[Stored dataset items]

● ● ● ●

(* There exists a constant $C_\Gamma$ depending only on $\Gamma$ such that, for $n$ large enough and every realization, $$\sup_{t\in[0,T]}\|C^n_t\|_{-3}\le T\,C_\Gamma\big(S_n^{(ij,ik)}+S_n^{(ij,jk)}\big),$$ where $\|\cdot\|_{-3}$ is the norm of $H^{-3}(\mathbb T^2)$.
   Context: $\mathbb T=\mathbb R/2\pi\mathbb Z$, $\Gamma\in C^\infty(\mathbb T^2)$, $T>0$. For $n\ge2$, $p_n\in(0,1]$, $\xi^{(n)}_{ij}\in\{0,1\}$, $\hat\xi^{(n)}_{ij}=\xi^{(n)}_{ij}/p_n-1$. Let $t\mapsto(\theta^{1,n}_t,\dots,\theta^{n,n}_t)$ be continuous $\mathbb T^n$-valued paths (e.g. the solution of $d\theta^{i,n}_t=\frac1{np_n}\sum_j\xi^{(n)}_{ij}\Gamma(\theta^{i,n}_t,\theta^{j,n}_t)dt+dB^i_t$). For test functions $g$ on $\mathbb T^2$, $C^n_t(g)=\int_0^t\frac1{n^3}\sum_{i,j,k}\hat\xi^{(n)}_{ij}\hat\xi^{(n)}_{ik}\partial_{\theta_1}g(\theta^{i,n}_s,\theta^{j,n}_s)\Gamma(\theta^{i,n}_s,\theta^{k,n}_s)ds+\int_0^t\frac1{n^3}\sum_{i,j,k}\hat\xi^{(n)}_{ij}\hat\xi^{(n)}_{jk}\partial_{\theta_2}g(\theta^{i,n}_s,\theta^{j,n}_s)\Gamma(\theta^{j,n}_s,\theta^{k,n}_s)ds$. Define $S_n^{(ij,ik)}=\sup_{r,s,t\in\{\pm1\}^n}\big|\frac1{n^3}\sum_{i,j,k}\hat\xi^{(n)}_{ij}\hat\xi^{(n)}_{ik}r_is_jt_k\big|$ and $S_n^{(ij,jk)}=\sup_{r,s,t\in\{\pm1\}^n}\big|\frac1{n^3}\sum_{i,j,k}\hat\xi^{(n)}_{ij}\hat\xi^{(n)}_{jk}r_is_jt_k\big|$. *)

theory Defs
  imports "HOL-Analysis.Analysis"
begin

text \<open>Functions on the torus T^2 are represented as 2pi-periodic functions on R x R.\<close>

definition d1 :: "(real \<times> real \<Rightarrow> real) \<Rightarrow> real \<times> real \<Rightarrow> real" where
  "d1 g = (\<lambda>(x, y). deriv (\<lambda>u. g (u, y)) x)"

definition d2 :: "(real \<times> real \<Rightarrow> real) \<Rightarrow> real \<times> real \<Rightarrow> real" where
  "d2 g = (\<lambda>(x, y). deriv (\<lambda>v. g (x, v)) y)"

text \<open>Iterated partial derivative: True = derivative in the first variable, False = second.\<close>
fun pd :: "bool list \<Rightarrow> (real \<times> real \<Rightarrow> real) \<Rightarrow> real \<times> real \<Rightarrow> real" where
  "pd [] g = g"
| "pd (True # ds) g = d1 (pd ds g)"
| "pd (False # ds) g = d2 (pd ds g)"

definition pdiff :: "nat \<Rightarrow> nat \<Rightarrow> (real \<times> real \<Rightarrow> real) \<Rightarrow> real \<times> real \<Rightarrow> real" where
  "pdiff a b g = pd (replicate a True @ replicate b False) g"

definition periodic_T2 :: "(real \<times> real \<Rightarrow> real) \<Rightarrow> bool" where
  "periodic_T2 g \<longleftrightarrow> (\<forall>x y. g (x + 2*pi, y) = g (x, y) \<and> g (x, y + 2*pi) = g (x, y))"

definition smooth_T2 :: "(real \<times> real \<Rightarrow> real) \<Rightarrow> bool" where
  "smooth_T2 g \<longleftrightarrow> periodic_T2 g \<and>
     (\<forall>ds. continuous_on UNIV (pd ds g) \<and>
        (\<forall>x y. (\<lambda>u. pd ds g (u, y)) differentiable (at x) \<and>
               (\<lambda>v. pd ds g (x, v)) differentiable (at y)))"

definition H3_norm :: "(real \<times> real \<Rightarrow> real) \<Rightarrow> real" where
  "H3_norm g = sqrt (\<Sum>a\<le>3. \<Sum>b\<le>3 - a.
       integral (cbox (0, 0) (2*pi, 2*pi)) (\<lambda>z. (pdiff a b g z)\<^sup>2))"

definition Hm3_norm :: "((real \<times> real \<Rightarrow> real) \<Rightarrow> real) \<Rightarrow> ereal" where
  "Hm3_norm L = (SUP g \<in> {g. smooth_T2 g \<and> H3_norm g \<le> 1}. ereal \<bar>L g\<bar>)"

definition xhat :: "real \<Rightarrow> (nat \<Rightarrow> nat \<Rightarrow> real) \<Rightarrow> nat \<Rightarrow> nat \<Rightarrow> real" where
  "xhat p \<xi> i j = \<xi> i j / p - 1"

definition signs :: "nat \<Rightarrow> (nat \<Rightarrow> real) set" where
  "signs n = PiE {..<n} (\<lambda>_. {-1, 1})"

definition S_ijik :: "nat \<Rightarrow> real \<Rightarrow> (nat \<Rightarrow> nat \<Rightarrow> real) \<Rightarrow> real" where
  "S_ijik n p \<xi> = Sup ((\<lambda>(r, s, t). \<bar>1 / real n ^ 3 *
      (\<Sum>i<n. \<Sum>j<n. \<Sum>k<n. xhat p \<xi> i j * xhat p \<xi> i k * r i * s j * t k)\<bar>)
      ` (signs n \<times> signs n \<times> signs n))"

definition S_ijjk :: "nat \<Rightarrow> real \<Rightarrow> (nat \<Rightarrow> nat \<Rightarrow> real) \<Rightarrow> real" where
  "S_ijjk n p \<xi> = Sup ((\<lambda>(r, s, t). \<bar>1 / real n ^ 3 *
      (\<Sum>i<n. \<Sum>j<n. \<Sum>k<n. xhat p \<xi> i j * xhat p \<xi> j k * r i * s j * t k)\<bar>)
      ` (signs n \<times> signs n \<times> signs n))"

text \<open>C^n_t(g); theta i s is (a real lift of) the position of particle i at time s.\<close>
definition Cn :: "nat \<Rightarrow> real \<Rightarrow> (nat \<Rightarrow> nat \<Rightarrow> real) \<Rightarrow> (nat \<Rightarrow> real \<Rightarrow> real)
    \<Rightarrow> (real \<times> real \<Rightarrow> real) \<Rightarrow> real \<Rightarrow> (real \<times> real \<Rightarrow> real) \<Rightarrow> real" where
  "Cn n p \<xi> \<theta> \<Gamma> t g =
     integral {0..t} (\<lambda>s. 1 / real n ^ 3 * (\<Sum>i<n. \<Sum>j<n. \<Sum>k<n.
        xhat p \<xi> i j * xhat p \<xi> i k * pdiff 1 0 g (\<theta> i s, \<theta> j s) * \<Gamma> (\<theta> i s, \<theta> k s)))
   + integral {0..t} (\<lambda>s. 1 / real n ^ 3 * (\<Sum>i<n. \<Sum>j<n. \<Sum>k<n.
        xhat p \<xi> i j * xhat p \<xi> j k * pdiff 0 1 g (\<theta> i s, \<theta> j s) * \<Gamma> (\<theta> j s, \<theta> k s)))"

● ● ● ●

- _What needs to be done_
Copy the lines from the entries above in which the word "close" appears.

- _Worked solution_
text \<open>Functions on the torus T^2 are represented as 2pi-periodic functions on R x R.\<close>
text \<open>Iterated partial derivative: True = derivative in the first variable, False = second.\<close>
text \<open>C^n_t(g); theta i s is (a real lift of) the position of particle i at time s.\<close>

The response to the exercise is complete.